What you will do >> Which lines of the entries below run from the one holding "using insert.prems(1) unfolding" to the one holding "< dim (UNIV", inclusive? Set down exactly those lines and no others.
▼
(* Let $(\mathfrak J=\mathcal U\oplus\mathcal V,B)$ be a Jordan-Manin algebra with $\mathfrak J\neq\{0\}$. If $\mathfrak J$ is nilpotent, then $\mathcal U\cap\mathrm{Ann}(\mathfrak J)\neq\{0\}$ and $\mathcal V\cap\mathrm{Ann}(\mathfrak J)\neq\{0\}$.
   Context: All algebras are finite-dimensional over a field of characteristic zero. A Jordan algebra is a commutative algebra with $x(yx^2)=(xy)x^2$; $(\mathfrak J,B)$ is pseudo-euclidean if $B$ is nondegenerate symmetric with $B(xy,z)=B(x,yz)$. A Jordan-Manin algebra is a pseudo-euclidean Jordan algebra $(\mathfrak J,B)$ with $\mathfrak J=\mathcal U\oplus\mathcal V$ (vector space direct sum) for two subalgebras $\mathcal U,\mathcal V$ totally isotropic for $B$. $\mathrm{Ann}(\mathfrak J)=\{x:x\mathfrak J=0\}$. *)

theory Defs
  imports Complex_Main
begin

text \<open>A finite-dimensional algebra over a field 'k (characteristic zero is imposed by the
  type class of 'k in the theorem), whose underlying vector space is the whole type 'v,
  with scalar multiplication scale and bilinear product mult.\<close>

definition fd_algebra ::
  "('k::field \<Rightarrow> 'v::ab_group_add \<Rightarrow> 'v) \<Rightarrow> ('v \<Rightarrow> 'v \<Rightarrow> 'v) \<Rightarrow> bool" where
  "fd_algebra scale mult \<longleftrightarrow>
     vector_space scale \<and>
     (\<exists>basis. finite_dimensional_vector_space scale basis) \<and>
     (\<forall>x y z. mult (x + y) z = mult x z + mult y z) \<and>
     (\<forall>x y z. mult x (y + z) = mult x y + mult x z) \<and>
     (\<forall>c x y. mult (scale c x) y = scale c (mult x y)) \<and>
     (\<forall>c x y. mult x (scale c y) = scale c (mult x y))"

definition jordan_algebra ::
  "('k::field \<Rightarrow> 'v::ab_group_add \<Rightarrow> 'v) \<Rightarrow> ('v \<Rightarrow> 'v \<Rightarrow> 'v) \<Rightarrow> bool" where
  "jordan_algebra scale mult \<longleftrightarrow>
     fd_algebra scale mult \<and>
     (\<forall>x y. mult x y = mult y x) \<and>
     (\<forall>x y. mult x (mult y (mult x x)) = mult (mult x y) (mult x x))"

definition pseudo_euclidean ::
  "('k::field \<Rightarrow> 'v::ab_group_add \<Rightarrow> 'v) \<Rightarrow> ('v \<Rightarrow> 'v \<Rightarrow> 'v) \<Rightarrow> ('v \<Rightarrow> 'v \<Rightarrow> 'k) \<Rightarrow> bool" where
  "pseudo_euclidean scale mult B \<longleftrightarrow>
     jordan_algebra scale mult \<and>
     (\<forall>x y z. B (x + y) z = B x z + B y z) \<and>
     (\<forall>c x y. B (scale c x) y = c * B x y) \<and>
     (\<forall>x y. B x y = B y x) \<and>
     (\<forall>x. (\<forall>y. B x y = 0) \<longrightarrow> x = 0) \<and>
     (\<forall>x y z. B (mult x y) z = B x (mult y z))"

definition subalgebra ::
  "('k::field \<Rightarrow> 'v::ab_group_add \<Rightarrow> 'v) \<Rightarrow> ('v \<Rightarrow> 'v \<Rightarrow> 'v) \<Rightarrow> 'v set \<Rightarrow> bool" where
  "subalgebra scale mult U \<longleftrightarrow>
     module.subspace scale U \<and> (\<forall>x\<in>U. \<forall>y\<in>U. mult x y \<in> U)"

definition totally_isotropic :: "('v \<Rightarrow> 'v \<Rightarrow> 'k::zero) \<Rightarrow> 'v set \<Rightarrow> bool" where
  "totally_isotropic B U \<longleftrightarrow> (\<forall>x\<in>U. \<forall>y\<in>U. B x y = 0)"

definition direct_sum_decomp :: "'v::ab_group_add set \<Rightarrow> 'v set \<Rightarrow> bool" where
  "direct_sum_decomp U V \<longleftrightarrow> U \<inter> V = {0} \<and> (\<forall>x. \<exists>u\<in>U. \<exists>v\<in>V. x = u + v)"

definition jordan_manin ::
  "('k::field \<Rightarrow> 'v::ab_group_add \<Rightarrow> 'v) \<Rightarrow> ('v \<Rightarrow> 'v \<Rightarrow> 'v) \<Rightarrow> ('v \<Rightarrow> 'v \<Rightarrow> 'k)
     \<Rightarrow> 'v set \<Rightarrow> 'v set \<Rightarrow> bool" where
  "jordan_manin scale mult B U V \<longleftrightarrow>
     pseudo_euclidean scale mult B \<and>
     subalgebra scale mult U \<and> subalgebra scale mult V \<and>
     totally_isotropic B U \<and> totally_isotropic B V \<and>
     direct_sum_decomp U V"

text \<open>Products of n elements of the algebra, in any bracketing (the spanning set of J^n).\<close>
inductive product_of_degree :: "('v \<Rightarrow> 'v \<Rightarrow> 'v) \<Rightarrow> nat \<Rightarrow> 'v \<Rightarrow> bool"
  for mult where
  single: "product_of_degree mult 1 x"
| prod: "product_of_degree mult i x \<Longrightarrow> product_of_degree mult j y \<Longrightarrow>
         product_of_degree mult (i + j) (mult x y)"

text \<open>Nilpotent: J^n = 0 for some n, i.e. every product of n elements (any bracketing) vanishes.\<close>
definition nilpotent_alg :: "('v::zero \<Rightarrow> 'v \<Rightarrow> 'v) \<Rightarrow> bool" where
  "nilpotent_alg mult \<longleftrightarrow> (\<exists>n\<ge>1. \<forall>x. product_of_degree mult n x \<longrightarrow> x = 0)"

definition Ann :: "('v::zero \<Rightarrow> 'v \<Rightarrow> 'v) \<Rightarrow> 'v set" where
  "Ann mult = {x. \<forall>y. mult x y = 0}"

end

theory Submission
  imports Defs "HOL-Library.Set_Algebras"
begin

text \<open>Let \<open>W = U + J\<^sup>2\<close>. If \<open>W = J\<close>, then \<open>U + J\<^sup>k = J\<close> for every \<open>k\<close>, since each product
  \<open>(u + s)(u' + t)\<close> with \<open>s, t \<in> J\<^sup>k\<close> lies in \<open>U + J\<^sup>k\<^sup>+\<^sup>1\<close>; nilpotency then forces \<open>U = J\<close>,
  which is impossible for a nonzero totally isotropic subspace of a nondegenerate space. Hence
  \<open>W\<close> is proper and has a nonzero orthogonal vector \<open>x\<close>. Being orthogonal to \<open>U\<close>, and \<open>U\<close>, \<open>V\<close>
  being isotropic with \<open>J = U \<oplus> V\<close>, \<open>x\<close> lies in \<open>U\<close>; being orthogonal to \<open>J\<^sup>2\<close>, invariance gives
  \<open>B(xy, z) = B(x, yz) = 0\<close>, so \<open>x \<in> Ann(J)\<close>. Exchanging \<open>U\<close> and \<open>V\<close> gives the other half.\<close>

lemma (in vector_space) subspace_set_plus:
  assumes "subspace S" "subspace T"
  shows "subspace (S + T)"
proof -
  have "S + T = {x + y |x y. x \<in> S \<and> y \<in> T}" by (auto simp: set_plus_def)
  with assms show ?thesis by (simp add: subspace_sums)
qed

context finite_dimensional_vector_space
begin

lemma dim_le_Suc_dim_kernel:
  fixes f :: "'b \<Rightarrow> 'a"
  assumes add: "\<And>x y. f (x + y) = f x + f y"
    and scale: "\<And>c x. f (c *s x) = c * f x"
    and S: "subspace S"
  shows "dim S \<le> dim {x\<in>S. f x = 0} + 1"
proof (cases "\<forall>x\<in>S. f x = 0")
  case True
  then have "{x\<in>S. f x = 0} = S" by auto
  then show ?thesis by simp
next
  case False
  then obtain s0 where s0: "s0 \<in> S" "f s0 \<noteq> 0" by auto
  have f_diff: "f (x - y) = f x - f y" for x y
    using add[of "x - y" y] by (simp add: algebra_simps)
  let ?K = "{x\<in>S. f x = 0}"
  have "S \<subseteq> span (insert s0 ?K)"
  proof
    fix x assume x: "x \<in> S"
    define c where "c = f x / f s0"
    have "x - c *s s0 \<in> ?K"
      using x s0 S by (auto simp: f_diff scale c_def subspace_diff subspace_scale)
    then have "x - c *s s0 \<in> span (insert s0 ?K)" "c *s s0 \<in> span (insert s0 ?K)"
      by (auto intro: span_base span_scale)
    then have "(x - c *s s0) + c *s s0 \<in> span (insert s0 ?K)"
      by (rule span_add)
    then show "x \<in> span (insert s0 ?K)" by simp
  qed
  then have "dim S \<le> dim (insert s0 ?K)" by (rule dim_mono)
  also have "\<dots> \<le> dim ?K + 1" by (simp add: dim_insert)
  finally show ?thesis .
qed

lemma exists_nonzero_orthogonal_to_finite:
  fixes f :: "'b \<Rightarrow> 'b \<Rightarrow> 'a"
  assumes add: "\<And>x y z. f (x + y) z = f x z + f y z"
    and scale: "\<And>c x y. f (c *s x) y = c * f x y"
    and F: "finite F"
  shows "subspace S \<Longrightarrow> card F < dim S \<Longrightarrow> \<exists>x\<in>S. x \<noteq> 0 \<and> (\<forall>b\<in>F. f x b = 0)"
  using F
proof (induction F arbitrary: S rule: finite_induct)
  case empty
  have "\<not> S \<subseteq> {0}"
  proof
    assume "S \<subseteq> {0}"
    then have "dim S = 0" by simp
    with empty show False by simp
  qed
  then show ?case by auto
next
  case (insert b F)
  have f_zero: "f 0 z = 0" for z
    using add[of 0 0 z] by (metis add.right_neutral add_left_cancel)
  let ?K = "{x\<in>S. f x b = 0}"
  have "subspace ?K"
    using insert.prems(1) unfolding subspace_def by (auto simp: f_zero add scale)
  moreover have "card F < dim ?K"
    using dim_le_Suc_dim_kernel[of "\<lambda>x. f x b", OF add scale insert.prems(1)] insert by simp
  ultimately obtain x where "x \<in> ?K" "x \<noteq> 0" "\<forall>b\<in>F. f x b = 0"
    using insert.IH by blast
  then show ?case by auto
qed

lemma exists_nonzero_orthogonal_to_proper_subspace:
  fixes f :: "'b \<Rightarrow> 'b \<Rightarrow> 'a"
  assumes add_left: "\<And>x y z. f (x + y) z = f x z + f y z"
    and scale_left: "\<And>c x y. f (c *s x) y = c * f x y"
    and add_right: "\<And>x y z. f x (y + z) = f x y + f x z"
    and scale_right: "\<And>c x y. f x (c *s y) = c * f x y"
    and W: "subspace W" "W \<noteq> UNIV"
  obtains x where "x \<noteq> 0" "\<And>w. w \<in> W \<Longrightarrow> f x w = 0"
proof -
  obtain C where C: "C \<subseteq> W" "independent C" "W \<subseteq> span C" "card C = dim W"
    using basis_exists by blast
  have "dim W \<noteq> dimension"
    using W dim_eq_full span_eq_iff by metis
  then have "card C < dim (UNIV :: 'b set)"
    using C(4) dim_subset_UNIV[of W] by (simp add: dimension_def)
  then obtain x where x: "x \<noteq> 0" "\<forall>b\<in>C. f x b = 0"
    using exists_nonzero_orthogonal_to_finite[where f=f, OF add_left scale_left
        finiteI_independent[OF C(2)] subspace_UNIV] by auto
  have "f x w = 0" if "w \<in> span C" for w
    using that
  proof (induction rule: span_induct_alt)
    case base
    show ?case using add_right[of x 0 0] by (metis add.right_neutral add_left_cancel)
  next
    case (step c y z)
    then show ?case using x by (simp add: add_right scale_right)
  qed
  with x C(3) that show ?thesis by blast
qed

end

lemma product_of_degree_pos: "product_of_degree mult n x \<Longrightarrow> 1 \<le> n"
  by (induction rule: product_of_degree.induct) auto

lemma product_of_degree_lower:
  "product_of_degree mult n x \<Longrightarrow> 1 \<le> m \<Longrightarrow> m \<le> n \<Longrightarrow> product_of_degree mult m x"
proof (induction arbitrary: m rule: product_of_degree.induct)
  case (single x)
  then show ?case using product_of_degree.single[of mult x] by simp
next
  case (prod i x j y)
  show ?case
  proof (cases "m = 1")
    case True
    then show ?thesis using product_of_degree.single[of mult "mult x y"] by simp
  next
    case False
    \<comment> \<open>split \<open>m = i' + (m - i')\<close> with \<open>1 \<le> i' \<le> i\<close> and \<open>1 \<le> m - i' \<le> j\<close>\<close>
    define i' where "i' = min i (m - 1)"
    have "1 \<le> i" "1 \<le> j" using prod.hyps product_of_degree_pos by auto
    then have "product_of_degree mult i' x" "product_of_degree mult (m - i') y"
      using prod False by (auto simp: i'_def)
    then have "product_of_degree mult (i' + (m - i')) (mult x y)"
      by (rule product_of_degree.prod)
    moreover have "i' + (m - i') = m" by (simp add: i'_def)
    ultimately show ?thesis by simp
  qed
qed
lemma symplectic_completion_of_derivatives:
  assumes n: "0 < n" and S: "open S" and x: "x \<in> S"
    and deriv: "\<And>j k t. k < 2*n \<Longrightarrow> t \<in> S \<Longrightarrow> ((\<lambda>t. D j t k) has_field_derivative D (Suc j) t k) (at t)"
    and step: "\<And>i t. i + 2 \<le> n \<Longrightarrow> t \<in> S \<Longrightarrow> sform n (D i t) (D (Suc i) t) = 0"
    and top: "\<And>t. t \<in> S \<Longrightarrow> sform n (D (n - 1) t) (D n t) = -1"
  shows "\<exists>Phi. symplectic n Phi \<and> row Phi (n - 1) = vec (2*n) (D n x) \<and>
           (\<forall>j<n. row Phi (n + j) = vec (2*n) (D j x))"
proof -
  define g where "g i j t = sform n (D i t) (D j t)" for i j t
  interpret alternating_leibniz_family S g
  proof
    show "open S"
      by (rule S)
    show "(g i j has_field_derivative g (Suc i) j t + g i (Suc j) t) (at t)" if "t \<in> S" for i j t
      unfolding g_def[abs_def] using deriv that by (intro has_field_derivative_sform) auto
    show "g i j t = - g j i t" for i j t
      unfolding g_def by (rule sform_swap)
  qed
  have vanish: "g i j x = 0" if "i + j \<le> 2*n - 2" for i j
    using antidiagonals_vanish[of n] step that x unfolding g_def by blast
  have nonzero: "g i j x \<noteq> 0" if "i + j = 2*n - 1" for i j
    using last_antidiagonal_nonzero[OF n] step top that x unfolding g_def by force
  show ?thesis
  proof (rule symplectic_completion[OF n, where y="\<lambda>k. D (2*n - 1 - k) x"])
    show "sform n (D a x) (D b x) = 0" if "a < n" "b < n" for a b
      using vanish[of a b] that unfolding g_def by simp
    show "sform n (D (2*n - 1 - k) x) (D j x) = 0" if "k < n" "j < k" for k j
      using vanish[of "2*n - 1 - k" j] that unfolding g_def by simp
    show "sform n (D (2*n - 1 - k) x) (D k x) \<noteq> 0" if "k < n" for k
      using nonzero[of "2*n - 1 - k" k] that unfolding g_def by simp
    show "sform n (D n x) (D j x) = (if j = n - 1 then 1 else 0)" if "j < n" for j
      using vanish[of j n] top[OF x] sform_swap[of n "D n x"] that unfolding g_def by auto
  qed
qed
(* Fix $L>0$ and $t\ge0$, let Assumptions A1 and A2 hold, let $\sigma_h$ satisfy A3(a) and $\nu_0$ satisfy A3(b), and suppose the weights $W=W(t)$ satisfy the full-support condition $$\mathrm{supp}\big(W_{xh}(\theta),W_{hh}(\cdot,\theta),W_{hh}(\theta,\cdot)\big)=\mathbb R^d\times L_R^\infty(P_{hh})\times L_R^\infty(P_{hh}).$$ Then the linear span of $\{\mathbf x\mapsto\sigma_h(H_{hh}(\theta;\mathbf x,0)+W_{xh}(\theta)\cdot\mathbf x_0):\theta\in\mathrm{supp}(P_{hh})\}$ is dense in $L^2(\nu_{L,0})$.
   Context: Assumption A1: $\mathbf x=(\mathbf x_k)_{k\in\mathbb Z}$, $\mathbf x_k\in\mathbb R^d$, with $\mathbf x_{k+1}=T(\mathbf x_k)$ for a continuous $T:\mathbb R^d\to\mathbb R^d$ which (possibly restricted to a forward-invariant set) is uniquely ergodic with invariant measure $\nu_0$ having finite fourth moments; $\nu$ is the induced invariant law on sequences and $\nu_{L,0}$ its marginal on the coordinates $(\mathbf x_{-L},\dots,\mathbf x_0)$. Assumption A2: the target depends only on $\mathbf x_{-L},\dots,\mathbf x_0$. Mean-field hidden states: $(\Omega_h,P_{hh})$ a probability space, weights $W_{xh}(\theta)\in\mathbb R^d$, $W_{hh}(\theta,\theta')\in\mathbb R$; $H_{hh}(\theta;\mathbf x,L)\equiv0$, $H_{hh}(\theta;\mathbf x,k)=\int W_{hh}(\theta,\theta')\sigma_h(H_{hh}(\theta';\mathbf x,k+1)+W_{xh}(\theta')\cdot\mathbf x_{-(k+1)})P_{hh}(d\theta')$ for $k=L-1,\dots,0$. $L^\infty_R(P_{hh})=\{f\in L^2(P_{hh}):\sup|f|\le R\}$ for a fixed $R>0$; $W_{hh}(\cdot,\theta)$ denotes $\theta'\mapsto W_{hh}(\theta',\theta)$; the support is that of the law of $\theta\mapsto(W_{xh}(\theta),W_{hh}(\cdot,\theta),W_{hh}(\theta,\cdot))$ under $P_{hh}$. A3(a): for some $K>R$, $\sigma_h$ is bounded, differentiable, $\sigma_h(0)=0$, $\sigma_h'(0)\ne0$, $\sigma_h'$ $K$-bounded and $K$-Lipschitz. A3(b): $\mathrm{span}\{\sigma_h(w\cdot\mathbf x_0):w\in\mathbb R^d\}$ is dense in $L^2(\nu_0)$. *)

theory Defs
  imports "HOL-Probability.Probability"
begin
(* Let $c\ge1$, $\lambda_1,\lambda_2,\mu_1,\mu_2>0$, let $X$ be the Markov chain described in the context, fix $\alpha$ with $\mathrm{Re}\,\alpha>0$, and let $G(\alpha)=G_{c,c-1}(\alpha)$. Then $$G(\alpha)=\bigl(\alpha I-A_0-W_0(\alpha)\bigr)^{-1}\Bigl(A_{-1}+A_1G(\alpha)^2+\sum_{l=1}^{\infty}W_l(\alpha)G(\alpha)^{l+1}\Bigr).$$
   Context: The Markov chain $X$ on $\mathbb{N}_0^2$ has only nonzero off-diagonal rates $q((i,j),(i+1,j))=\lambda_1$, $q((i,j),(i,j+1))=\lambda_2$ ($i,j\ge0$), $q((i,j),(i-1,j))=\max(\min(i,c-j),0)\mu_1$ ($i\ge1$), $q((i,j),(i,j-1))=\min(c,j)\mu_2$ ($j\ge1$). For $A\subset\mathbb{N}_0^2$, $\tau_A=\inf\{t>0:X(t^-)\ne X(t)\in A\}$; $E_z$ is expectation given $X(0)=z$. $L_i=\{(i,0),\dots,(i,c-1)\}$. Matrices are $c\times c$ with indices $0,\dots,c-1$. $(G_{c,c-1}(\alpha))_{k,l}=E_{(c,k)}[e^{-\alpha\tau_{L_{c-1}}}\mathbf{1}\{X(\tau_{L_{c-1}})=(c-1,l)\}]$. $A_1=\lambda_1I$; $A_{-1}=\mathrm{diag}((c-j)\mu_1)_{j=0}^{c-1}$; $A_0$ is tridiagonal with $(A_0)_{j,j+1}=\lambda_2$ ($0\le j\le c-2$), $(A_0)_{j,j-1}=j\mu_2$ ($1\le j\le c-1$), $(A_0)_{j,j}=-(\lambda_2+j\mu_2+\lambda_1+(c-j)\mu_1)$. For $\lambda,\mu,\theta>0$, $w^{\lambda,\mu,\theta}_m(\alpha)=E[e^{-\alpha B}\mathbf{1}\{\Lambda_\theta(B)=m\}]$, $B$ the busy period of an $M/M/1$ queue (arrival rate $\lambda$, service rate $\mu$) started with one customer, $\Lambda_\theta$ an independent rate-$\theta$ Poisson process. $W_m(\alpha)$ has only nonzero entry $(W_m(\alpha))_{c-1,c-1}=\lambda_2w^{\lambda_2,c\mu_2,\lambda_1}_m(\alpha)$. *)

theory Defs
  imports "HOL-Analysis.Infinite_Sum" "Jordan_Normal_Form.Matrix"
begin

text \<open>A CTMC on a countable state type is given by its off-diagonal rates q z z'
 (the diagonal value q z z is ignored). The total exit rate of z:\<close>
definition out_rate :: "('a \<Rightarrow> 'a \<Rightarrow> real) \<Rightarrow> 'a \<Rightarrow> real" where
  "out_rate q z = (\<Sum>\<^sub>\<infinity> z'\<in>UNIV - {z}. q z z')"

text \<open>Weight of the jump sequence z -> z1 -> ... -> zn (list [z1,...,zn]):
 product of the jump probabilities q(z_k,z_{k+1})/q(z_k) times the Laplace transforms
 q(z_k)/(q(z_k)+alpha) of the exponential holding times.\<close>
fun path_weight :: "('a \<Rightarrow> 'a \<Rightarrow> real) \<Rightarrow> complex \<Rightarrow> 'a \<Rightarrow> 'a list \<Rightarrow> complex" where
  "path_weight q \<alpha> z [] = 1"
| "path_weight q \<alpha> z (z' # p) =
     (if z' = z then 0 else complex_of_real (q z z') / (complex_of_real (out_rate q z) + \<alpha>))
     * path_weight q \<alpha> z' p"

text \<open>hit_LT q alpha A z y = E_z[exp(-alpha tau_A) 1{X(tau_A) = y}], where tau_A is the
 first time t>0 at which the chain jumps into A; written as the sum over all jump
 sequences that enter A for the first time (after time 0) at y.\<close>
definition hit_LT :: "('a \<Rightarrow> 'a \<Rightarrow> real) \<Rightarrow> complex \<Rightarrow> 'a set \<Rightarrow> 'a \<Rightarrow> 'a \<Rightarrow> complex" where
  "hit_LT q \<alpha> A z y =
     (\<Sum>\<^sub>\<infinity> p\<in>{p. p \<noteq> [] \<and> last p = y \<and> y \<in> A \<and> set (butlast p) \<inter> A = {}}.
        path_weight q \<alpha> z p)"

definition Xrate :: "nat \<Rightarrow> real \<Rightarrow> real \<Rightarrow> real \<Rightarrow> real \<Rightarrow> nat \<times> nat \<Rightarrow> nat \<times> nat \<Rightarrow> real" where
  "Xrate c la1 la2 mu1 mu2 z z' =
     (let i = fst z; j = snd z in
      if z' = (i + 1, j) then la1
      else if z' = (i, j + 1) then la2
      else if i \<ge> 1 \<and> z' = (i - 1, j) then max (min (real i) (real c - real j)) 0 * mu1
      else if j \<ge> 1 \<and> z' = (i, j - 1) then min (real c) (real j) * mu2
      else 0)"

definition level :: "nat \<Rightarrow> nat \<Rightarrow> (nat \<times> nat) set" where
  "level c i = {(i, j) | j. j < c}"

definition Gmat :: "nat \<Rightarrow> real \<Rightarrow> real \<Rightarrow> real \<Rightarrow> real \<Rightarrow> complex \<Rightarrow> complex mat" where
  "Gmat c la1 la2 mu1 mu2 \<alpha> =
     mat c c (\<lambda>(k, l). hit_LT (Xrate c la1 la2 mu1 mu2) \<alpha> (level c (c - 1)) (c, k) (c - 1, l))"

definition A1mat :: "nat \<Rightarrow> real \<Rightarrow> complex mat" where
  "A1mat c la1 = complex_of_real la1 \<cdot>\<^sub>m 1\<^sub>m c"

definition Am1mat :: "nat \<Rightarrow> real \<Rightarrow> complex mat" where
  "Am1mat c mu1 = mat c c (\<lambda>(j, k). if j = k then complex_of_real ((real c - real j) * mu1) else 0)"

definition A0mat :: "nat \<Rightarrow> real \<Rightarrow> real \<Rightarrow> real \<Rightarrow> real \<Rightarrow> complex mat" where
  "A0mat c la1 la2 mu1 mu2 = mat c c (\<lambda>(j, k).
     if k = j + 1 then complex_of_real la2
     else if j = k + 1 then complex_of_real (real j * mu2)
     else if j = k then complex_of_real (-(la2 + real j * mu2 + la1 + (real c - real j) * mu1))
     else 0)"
▲
Answer space >>
    using insert.prems(1) unfolding subspace_def by (auto simp: f_zero add scale)
  moreover have "card F < dim ?K"
    using dim_le_Suc_dim_kernel[of "\<lambda>x. f x b", OF add scale insert.prems(1)] insert by simp
  ultimately obtain x where "x \<in> ?K" "x \<noteq> 0" "\<forall>b\<in>F. f x b = 0"
    using insert.IH by blast
  then show ?case by auto
qed

lemma exists_nonzero_orthogonal_to_proper_subspace:
  fixes f :: "'b \<Rightarrow> 'b \<Rightarrow> 'a"
  assumes add_left: "\<And>x y z. f (x + y) z = f x z + f y z"
    and scale_left: "\<And>c x y. f (c *s x) y = c * f x y"
    and add_right: "\<And>x y z. f x (y + z) = f x y + f x z"
    and scale_right: "\<And>c x y. f x (c *s y) = c * f x y"
    and W: "subspace W" "W \<noteq> UNIV"
  obtains x where "x \<noteq> 0" "\<And>w. w \<in> W \<Longrightarrow> f x w = 0"
proof -
  obtain C where C: "C \<subseteq> W" "independent C" "W \<subseteq> span C" "card C = dim W"
    using basis_exists by blast
  have "dim W \<noteq> dimension"
    using W dim_eq_full span_eq_iff by metis
  then have "card C < dim (UNIV :: 'b set)"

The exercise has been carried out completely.